Frequently Asked Questions

What happens if I cannot pay the balloon?

You must refinance the remaining balance, sell the property to pay it off, or negotiate a loan modification with the lender. Failing to pay typically results in default and potential foreclosure.

Why would someone choose a balloon loan?

Balloon loans may offer lower rates than fully amortizing loans, making them attractive for investors planning to sell before maturity, borrowers expecting a large future payment (inheritance, bonus), or situations where long-term financing is unavailable. Use this as a practical reminder before finalizing the result.

How much of the loan is paid off before the balloon?

Very little in the early years. On a 30-year amortization with a 5-year balloon, only about 6–8% of the principal is paid off. With a 7-year term, roughly 9–12% is paid. The majority of early payments go to interest.

Can I make extra payments to reduce the balloon?

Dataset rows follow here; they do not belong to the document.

(* Let $$f(z)=\frac{1-z-z^2-\sqrt{5z^4+10z^3-z^2-6z+1}}{2-2z-2z^2},$$ where the square root is the formal power series with constant term $1$. Then for every positive integer $n$, the Riordan matrix $\left(\left(\frac{1}{1-z-z^2}\right)^n, f(z)\right)$ is a pseudo-involution.
   Context: A Riordan matrix is a pair $(g(z),f(z))$ of formal power series over $\mathbb{C}$ with $g(z)=\sum_{n\ge 0} g_n z^n$, $g_0\neq 0$, and $f(z)=\sum_{n\ge 1} f_n z^n$ with $f_1\neq 0$; it represents the infinite lower-triangular matrix whose $k$-th column ($k\ge 0$) has generating function $g(z)f(z)^k$. Riordan matrices form a group under matrix multiplication, where $(g(z),f(z))*(h(z),l(z))=(g(z)h(f(z)),\,l(f(z)))$ and the identity is $(1,z)$. Let $M=(1,-z)$. A Riordan matrix $L$ is called a pseudo-involution if $(L*M)*(L*M)=(1,z)$. *)

theory Defs
  imports "HOL-Computational_Algebra.Formal_Power_Series"
begin

type_synonym riordan = "complex fps \<times> complex fps"

definition is_riordan :: "riordan \<Rightarrow> bool" where
  "is_riordan L \<longleftrightarrow> fps_nth (fst L) 0 \<noteq> 0 \<and> fps_nth (snd L) 0 = 0 \<and> fps_nth (snd L) 1 \<noteq> 0"

definition riordan_mult :: "riordan \<Rightarrow> riordan \<Rightarrow> riordan" (infixl \<open>**\<^sub>R\<close> 70) where
  "riordan_mult L K = (fst L * (fst K oo snd L), snd K oo snd L)"

definition riordan_id :: riordan where
  "riordan_id = (1, fps_X)"

definition riordan_M :: riordan where
  "riordan_M = (1, - fps_X)"

definition pseudo_involution :: "riordan \<Rightarrow> bool" where
  "pseudo_involution L \<longleftrightarrow> is_riordan L \<and>
     (L **\<^sub>R riordan_M) **\<^sub>R (L **\<^sub>R riordan_M) = riordan_id"

text \<open>Formal square root with constant term 1.\<close>
definition fps_sqrt1 :: "complex fps \<Rightarrow> complex fps" where
  "fps_sqrt1 a = fps_radical (\<lambda>_ _. 1) 2 a"

end

theory Submission
  imports Defs
begin

unbundle fps_syntax

text \<open>With \<open>s = z + z\<^sup>2\<close>, the series \<open>f\<close> is the root of \<open>(1 - s) (f\<^sup>2 - f) + s = 0\<close> vanishing at 0,
  so \<open>u = -f\<close> satisfies \<open>s \<circ> u = \<psi> \<circ> s\<close> for the involution \<open>\<psi>(y) = y / (y - 1)\<close>. Being conjugate to
  an involution, \<open>u\<close> is itself an involution, which is the second component of the condition
  \<open>((g, f) M)\<^sup>2 = 1\<close>. The same relation gives \<open>(1 - s) ((1 - s) \<circ> u) = 1\<close>, which takes care of the
  first component \<open>g (g \<circ> u) = 1\<close> for every power \<open>g = (1 - s)\<^sup>-\<^sup>n\<close>.\<close>

lemma riordan_mult_M:
  assumes "snd L $ 0 = 0"
  shows "L **\<^sub>R riordan_M = (fst L, - snd L)"
  using assms by (simp add: riordan_mult_def riordan_M_def fps_compose_uminus)

lemma pseudo_involutionI:
  assumes riordan: "is_riordan (g, f)"
    and first: "g * (g oo - f) = 1"
    and second: "(- f) oo (- f) = fps_X"
  shows "pseudo_involution (g, f)"
proof -
  have LM: "(g, f) **\<^sub>R riordan_M = (g, - f)"
    using riordan by (simp add: riordan_mult_M is_riordan_def)
  show ?thesis
    unfolding pseudo_involution_def LM
    using riordan first second by (simp add: riordan_mult_def riordan_id_def)
qed

lemma fps_compose_self_eq_X_if_conjugate_involution:
  fixes s u :: "'a::field fps"
  assumes s0: "s $ 0 = 0" and s1: "s $ 1 \<noteq> 0" and u0: "u $ 0 = 0"
    and rel: "(1 - s) * (s oo u) + s = 0"
  shows "u oo u = fps_X"
proof -
  define t where "t = s oo u"
  define w where "w = u oo u"
  have w0: "w $ 0 = 0"
    using u0 by (simp add: w_def)
  have "((1 - s) * t + s) oo u = 0"
    using rel by (simp add: t_def)
  then have rel_u: "(1 - t) * (s oo w) + t = 0"
    by (simp add: t_def w_def fps_compose_add_distrib fps_compose_sub_distrib
        fps_compose_mult_distrib[OF u0] fps_compose_assoc[OF u0 u0])
  have "(1 - t) * ((s oo w) - s) = ((1 - t) * (s oo w) + t) - ((1 - s) * t + s)"
    by (simp add: algebra_simps)
  also have "\<dots> = 0"
    using rel rel_u by (simp add: t_def)
  finally have "(1 - t) * ((s oo w) - s) = 0" .
  moreover have "1 - t \<noteq> 0"
  proof
    assume "1 - t = 0"
    then have "(1 - t) $ 0 = 0" by simp
    then show False using s0 by (simp add: t_def)
  qed
  ultimately have sw: "s oo w = s"
    by simp
  have "w = (fps_inv s oo s) oo w"
    using w0 by (simp add: fps_inv[OF s0 s1])
  also have "\<dots> = fps_inv s oo s"
    by (simp add: sw w0 flip: fps_compose_assoc[OF w0 s0])
  finally show ?thesis
    by (simp add: w_def fps_inv[OF s0 s1])
qed

lemma inverse_power_mult_compose_eq_1:
  fixes s u :: "'a::field fps"
  assumes s0: "s $ 0 = 0" and u0: "u $ 0 = 0"
    and rel: "(1 - s) * (s oo u) + s = 0"
  shows "inverse (1 - s) ^ n * (inverse (1 - s) ^ n oo u) = 1"
proof -
  have h0: "(1 - s) $ 0 \<noteq> 0"
    using s0 by simp
  have "((1 - s) oo u) * (1 - s) = 1"
    using rel by (simp add: fps_compose_sub_distrib algebra_simps)
  then have "inverse ((1 - s) oo u) = 1 - s"
    by (rule fps_inverse_unique)
  then have "inverse (1 - s) ^ n oo u = (1 - s) ^ n"
    by (simp add: fps_compose_power[OF u0, symmetric] fps_inverse_compose[OF u0 h0])
  then show ?thesis
    using inverse_mult_eq_1[OF h0] by (simp flip: power_mult_distrib)
qed

theorem pseudo_involution_if_conjugate_involution:
  fixes s F :: "complex fps"
  assumes s0: "s $ 0 = 0" and s1: "s $ 1 \<noteq> 0"
    and F0: "F $ 0 = 0" and F1: "F $ 1 \<noteq> 0"
    and rel: "(1 - s) * (s oo - F) + s = 0"
  shows "pseudo_involution (inverse (1 - s) ^ n, F)"
proof (rule pseudo_involutionI)
  have u0: "(- F) $ 0 = 0"
    using F0 by simp
  show "is_riordan (inverse (1 - s) ^ n, F)"
    using s0 F0 F1 by (simp add: is_riordan_def fps_nth_power_0)
  show "inverse (1 - s) ^ n * (inverse (1 - s) ^ n oo - F) = 1"
    using inverse_power_mult_compose_eq_1[OF s0 u0 rel] .
  show "(- F) oo (- F) = fps_X"
    using fps_compose_self_eq_X_if_conjugate_involution[OF s0 s1 u0 rel] .
qed

lemma fps_quadratic_root:
  fixes h s S F :: "'a::field_char_0 fps"
  assumes "h \<noteq> 0" and "S\<^sup>2 = h\<^sup>2 - 4 * h * s" and "F * (2 * h) = h - S"
  shows "h * F\<^sup>2 - h * F + s = 0"
proof -
  have "S = h - 2 * h * F"
    using assms(3) by (simp add: algebra_simps)
  then have "(h - 2 * h * F)\<^sup>2 = h\<^sup>2 - 4 * h * s"
    using assms(2) by simp
  then have "(4 * h) * (h * F\<^sup>2 - h * F + s) = 0"
    by (simp add: algebra_simps power2_eq_square)
  then show ?thesis
    using assms(1) by simp
qed

definition f_series :: "complex fps" where
  "f_series = (1 - fps_X - fps_X^2
      - fps_sqrt1 (5 * fps_X^4 + 10 * fps_X^3 - fps_X^2 - 6 * fps_X + 1))
      / (2 - 2 * fps_X - 2 * fps_X^2)"

lemma f_series_root:
  "(1 - fps_X - fps_X\<^sup>2) * f_series\<^sup>2 - (1 - fps_X - fps_X\<^sup>2) * f_series + (fps_X + fps_X\<^sup>2) = 0"
    (is "?h * _ - _ + ?s = 0")
  and f_series_nth_0: "f_series $ 0 = 0"
proof -
  define D :: "complex fps" where "D = 5 * fps_X^4 + 10 * fps_X^3 - fps_X^2 - 6 * fps_X + 1"
  define S where "S = fps_sqrt1 D"
  have h0: "?h $ 0 = 1"
    by simp
  have "S\<^sup>2 = D"
    using power_radical[of D "\<lambda>_ _. 1" 1]
    by (simp add: S_def D_def fps_sqrt1_def numeral_2_eq_2)
  also have "D = ?h\<^sup>2 - 4 * ?h * ?s"
    unfolding D_def by (simp add: algebra_simps power2_eq_square power3_eq_cube power4_eq_xxxx)
  finally have S2: "S\<^sup>2 = ?h\<^sup>2 - 4 * ?h * ?s" .
  have "(2 - 2 * fps_X - 2 * fps_X^2 :: complex fps) = 2 * ?h"
    by (simp add: algebra_simps)
  moreover have "(2 * ?h) $ 0 \<noteq> 0"
    using h0 by simp
  ultimately have Fd: "f_series * (2 * ?h) = ?h - S"
    unfolding f_series_def S_def D_def
    by (simp add: fps_divide_unit inverse_mult_eq_1 mult.assoc)
  show "?h * f_series\<^sup>2 - ?h * f_series + ?s = 0"
    using fps_quadratic_root[OF _ S2 Fd] h0 by fastforce
  show "f_series $ 0 = 0"
    using arg_cong[OF Fd, of "\<lambda>x. x $ 0"]
    by (simp add: S_def fps_sqrt1_def)
qed

lemma f_series_nth_1: "f_series $ 1 = 1"
proof -
  have "((1 - fps_X - fps_X\<^sup>2) * f_series\<^sup>2 - (1 - fps_X - fps_X\<^sup>2) * f_series
      + (fps_X + fps_X\<^sup>2)) $ 1 = 0"
    using f_series_root by simp
  then show ?thesis
    using f_series_nth_0 by (simp add: power2_eq_square fps_mult_nth_1)
qed

lemma f_series_functional_equation:
  "(1 - (fps_X + fps_X\<^sup>2)) * ((fps_X + fps_X\<^sup>2) oo - f_series) + (fps_X + fps_X\<^sup>2) = 0"
proof -
  have compose: "(fps_X + fps_X\<^sup>2) oo - f_series = f_series\<^sup>2 - f_series"
    using f_series_nth_0
    by (simp add: fps_compose_add_distrib fps_compose_uminus flip: fps_compose_power)
  show ?thesis
    unfolding compose using f_series_root by (simp add: algebra_simps)
qed

theorem mainTheorem12:
  fixes n :: nat
  assumes "n \<ge> 1"
  defines "F \<equiv> (1 - fps_X - fps_X^2
      - fps_sqrt1 (5 * fps_X^4 + 10 * fps_X^3 - fps_X^2 - 6 * fps_X + 1))
      / (2 - 2 * fps_X - 2 * fps_X^2)"
  shows "pseudo_involution ((inverse (1 - fps_X - fps_X^2 :: complex fps)) ^ n, F)"
proof -
  define s :: "complex fps" where "s = fps_X + fps_X\<^sup>2"
  have h: "1 - fps_X - fps_X\<^sup>2 = 1 - s" and F: "F = f_series"
    by (simp_all add: s_def F_def f_series_def)
  have s0: "s $ 0 = 0" and s1: "s $ 1 \<noteq> 0"
    by (simp_all add: s_def)
  have F1: "f_series $ 1 \<noteq> 0"
    unfolding f_series_nth_1 by simp
  show ?thesis
    unfolding h F
    using pseudo_involution_if_conjugate_involution[OF s0 s1 f_series_nth_0 F1
        f_series_functional_equation[folded s_def]] .
qed

end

Yes, if the loan allows prepayment without penalty. Every extra dollar goes to principal, directly reducing the balloon amount. Even modest extras can make a meaningful difference.

Is a balloon loan the same as an interest-only loan?

No. A balloon loan makes regular principal and interest payments (just not enough to fully repay). An interest-only loan pays zero principal, so the entire loan amount is due at maturity.

What is a typical balloon loan term?

Residential balloons are typically 5 or 7 years. Commercial balloons range from 3 to 10 years. The amortization period is usually 15-30 years, resulting in lower payments but a large remaining balance at term.